The seniority mix tells a story about where AI teams are in their maturity. Entry-level roles (102) are outnumbered by mid-level (1,705) and senior (1,469) positions, reflecting that most companies are past the 'build a team from scratch' phase and need experienced engineers who can ship production systems. Leadership roles (Director, VP, C-Level) total 432 positions, representing the bottleneck between technical execution and organizational strategy.
Remote work availability sits at 14% of all AI roles (508 positions), with 3,180 requiring on-site or hybrid attendance. The remote share has stabilized after the post-pandemic correction.

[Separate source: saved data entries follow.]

definition theta0 :: "nat \<Rightarrow> nat \<Rightarrow> (nat \<Rightarrow> real) \<Rightarrow> (nat \<Rightarrow> real) \<Rightarrow> real \<Rightarrow> nat \<Rightarrow> real" where
  "theta0 p q a b d0 i =
     (if 1 \<le> i \<and> i \<le> p then a i
      else if p < i \<and> i \<le> p + q then b (i - p)
      else if i = p + q + 1 then d0 else 0)"

definition lam_series :: "nat \<Rightarrow> nat \<Rightarrow> (nat \<Rightarrow> real) \<Rightarrow> (nat \<Rightarrow> real) \<Rightarrow> real fps" where
  "lam_series p q \<theta>0 \<theta> =
     inverse (fps_of_poly (b_theta p q \<theta>)) * fps_of_poly (a_theta p \<theta>)
     * one_minus_X_powr (\<theta> (p + q + 1) - \<theta>0 (p + q + 1))
     * inverse (fps_of_poly (a_theta p \<theta>0)) * fps_of_poly (b_theta p q \<theta>0)"

end

theory Submission
  imports Defs "HOL-Complex_Analysis.Complex_Analysis"
begin

(* At theta_0 the series is 1, and perturbing a single coordinate by t gives it in closed form:
   1 - t z^k a^{-1}(z) for an AR coordinate k, (1 - t z^j b^{-1}(z))^{-1} for the MA coordinate p + j,
   and (1 - z)^t for d. Differentiating the i-th coefficient at t = 0 gives -(a^{-1})_{i-k},
   (b^{-1})_{i-j} and -1/i. Since a and b have no zeros in the closed unit disc, a^{-1} and b^{-1}
   are holomorphic on a disc of radius r > 1, so their coefficients are O(r^{-n}), a fortiori O(1/n). *)

unbundle no vec_syntax

lemma inverse_one_minus_fps_nth:
  fixes x :: "'a::field fps"
  assumes "x $ 0 = 0"
  shows "inverse (1 - x) $ i = (\<Sum>n\<le>i. (x ^ n) $ i)"
proof -
  have "inverse (1 - x) = inverse (1 - fps_X) oo x"
    using assms by (simp add: fps_inverse_compose fps_compose_sub_distrib)
  also have "inverse (1 - fps_X) = Abs_fps (\<lambda>_. 1 :: 'a)"
    by (metis fps_inverse_gp' fps_inverse_idempotent fps_nth_Abs_fps one_neq_zero)
  finally show ?thesis by (simp add: fps_compose_nth atMost_atLeast0)
qed

lemma has_real_derivative_gbinomial_at_0:
  "((\<lambda>t::real. t gchoose Suc m) has_real_derivative (-1) ^ m / real (Suc m)) (at 0)"
proof -
  define G where "G t = (\<Prod>x\<in>{1..m}. t - real x) / fact (Suc m)" for t :: real
  have "(t gchoose Suc m) - (0 gchoose Suc m) = G t * (t - 0)" for t
    by (simp add: gbinomial_Suc G_def prod.atLeast_Suc_atMost atLeast0AtMost[symmetric])
  moreover have "isCont G 0"
    unfolding G_def by (intro continuous_intros) auto
  moreover have "G 0 = (-1) ^ m / real (Suc m)"
  proof -
    have "(\<Prod>x\<in>{1..m}. 0 - real x) = (-1) ^ m * fact m"
      by (simp add: prod_uminus fact_prod)
    then show ?thesis
      by (simp add: G_def)
  qed
  ultimately show ?thesis
    unfolding CARAT_DERIV by blast
qed

lemma has_real_derivative_sum_powers_at_0:
  assumes "1 \<le> i"
  shows "((\<lambda>t::real. \<Sum>n\<le>i. t ^ n * c n) has_real_derivative c 1) (at 0)"
proof -
  have "((\<lambda>t::real. \<Sum>n\<le>i. t ^ n * c n) has_real_derivative
          (\<Sum>n\<le>i. real n * 0 ^ (n - 1) * c n)) (at 0)"
    by (auto intro!: derivative_eq_intros)
  also have "(\<Sum>n\<le>i. real n * 0 ^ (n - 1) * c n) = (\<Sum>n\<le>i. if n = 1 then c 1 else 0)"
    by (rule sum.cong) auto
  finally show ?thesis
    using assms by simp
qed

lemma inverse_fps_of_poly_map_of_real_nth:
  fixes P :: "real poly"
  assumes "coeff P 0 \<noteq> 0"
  shows "inverse (fps_of_poly (map_poly complex_of_real P)) $ n
           = complex_of_real (inverse (fps_of_poly P) $ n)"
proof -
  define G where "G = Abs_fps (\<lambda>n. complex_of_real (inverse (fps_of_poly P) $ n))"
  have "fps_of_poly (map_poly complex_of_real P) * G = 1"
  proof (rule fps_ext)
    fix m
    have "(fps_of_poly P * inverse (fps_of_poly P)) $ m = (1 :: real fps) $ m"
      using assms by (simp add: inverse_mult_eq_1')
    then have "complex_of_real (\<Sum>i=0..m. coeff P i * inverse (fps_of_poly P) $ (m - i))
                 = (1 :: complex fps) $ m"
      by (simp add: fps_mult_nth)
    then show "(fps_of_poly (map_poly complex_of_real P) * G) $ m = (1 :: complex fps) $ m"
      by (simp add: fps_mult_nth G_def coeff_map_poly)
  qed
  then have "inverse (fps_of_poly (map_poly complex_of_real P)) = G"
    by (rule fps_inverse_unique)
  then show ?thesis
    by (simp add: G_def)
qed

lemma summable_inverse_fps_of_poly_geometric:
  fixes P :: "real poly"
  assumes no_roots: "\<forall>z::complex. cmod z \<le> 1 \<longrightarrow> poly (map_poly complex_of_real P) z \<noteq> 0"
  shows "\<exists>r>1. summable (\<lambda>n. \<bar>inverse (fps_of_poly P) $ n\<bar> * r ^ n)"
proof -
  define Q where "Q = map_poly complex_of_real P"
  have "poly Q 0 \<noteq> 0"
    using no_roots by (simp add: Q_def)
  then have P0: "coeff P 0 \<noteq> 0" and Q0: "fps_of_poly Q $ 0 \<noteq> 0"
    by (simp_all add: Q_def poly_0_coeff_0 coeff_map_poly)
  have roots_finite: "finite {z. poly Q z = 0}"
    using \<open>poly Q 0 \<noteq> 0\<close> by (intro poly_roots_finite) auto
  define R where "R = Min (insert 2 (norm ` {z. poly Q z = 0}))"
  have "R > 1"
    unfolding R_def using roots_finite no_roots
    by (subst Min_gr_iff) (auto simp: Q_def not_le[symmetric])
  have "poly Q z \<noteq> 0" if "norm z < R" for z
  proof
    assume "poly Q z = 0"
    then have "R \<le> norm z"
      unfolding R_def using roots_finite by (intro Min_le) auto
    with that show False
      by simp
  qed
  then have "(\<lambda>z. inverse (poly Q z)) holomorphic_on eball 0 (ereal R)"
    by (auto intro!: holomorphic_intros)
  moreover have "(\<lambda>z. inverse (poly Q z)) has_fps_expansion inverse (fps_of_poly Q)"
  proof (rule has_fps_expansion_inverse)
    have "eval_fps (fps_of_poly Q) = poly Q"
      by (rule ext) simp
    then show "poly Q has_fps_expansion fps_of_poly Q"
      using eval_fps_has_fps_expansion[of "fps_of_poly Q"] by simp
  qed (rule Q0)
  ultimately have radius: "ereal R \<le> fps_conv_radius (inverse (fps_of_poly Q))"
    by (rule holomorphic_on_imp_fps_conv_radius_ge[rotated])
  define r where "r = (1 + R) / 2"
  have "1 < r" "r < R"
    using \<open>R > 1\<close> by (simp_all add: r_def)
  then have "ereal (norm (complex_of_real r)) < ereal R"
    by simp
  then have "ereal (norm (complex_of_real r)) < fps_conv_radius (inverse (fps_of_poly Q))"
    using radius by (rule less_le_trans)
  then have "summable (\<lambda>n. norm (inverse (fps_of_poly Q) $ n * complex_of_real r ^ n))"
    unfolding fps_conv_radius_def by (rule abs_summable_in_conv_radius)
  then have "summable (\<lambda>n. \<bar>inverse (fps_of_poly P) $ n\<bar> * r ^ n)"
    using \<open>1 < r\<close> by (simp add: Q_def inverse_fps_of_poly_map_of_real_nth[OF P0] norm_mult norm_power)
  with \<open>1 < r\<close> show ?thesis
    by blast
qed

lemma summable_geometric_imp_linear_bound:
  fixes c :: "nat \<Rightarrow> real"
  assumes "1 < r" "summable (\<lambda>n. \<bar>c n\<bar> * r ^ n)"
  shows "\<exists>M. \<forall>n. (real n + real N) * \<bar>c n\<bar> \<le> M"
proof -
  have bounded_weighted: "Bseq (\<lambda>n. \<bar>c n\<bar> * r ^ n)"
    using summable_LIMSEQ_zero[OF assms(2)] by (intro convergent_imp_Bseq convergentI)
  have "(\<lambda>n. real n / r ^ n + real N * (1 / r) ^ n) \<longlonglongrightarrow> 0 + real N * 0"
    using assms(1) by (intro tendsto_intros lim_n_over_pown LIMSEQ_power_zero) auto
  then have "Bseq (\<lambda>n. real n / r ^ n + real N * (1 / r) ^ n)"
    by (intro convergent_imp_Bseq convergentI)
  then have "Bseq (\<lambda>n. (real n / r ^ n + real N * (1 / r) ^ n) * (\<bar>c n\<bar> * r ^ n))"
    using bounded_weighted by (rule Bseq_mult)
  moreover have "(real n / r ^ n + real N * (1 / r) ^ n) * (\<bar>c n\<bar> * r ^ n)
                   = (real n + real N) * \<bar>c n\<bar>" for n
    using assms(1) by (simp add: field_simps power_divide)
  ultimately obtain M where "\<And>n. \<bar>(real n + real N) * \<bar>c n\<bar>\<bar> \<le> M"
    unfolding Bseq_def by auto
  then show ?thesis
    by (meson abs_ge_self order_trans)
qed

lemma fps_X_power_mult_nth_le:
  fixes F :: "real fps"
  assumes M: "\<And>n. (real n + real N) * \<bar>F $ n\<bar> \<le> M" and "j \<le> N" "1 \<le> i"
  shows "\<bar>(fps_X ^ j * F) $ i\<bar> \<le> M / real i"
proof (cases "i < j")
  case True
  have "0 \<le> M"
    using M[of 0] by (meson abs_ge_zero of_nat_0_le_iff order_trans mult_nonneg_nonneg add_nonneg_nonneg)
  with True show ?thesis
    by (simp add: fps_X_power_mult_nth)
next
  case False
  have "real i * \<bar>F $ (i - j)\<bar> \<le> (real (i - j) + real N) * \<bar>F $ (i - j)\<bar>"
    using False assms(2) by (intro mult_right_mono) auto
  also have "\<dots> \<le> M"
    by (rule M)
  finally have "\<bar>F $ (i - j)\<bar> \<le> M / real i"
    using assms(3) by (simp add: field_simps)
  with False show ?thesis
    by (simp add: fps_X_power_mult_nth)
qed

lemma fps_X_power_mult_inverse_poly_nth_bound:
  fixes P :: "real poly"
  assumes "\<forall>z::complex. cmod z \<le> 1 \<longrightarrow> poly (map_poly complex_of_real P) z \<noteq> 0"
  shows "\<exists>M. \<forall>j\<le>N. \<forall>i\<ge>1. \<bar>(fps_X ^ j * inverse (fps_of_poly P)) $ i\<bar> \<le> M / real i"
proof -
  obtain r where "1 < r" "summable (\<lambda>n. \<bar>inverse (fps_of_poly P) $ n\<bar> * r ^ n)"
    using summable_inverse_fps_of_poly_geometric[OF assms] by blast
  then obtain M where "\<And>n. (real n + real N) * \<bar>inverse (fps_of_poly P) $ n\<bar> \<le> M"
    using summable_geometric_imp_linear_bound by blast
  then show ?thesis
    by (blast intro: fps_X_power_mult_nth_le)
qed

Senior and specialized roles (Research Scientist, ML Architect) are more likely to be remote-eligible than entry-level positions, partly because experienced hires have more negotiating power and partly because these roles require less hands-on mentorship.
AI compensation is structured in clear tiers. The market median sits at $217,500. Top-quartile roles start at $272,100, and the 90th percentile reaches $325,000. These figures include base salary with disclosed compensation. Total compensation (including equity, bonuses, and sign-on) runs 20-40% higher at companies that offer those components.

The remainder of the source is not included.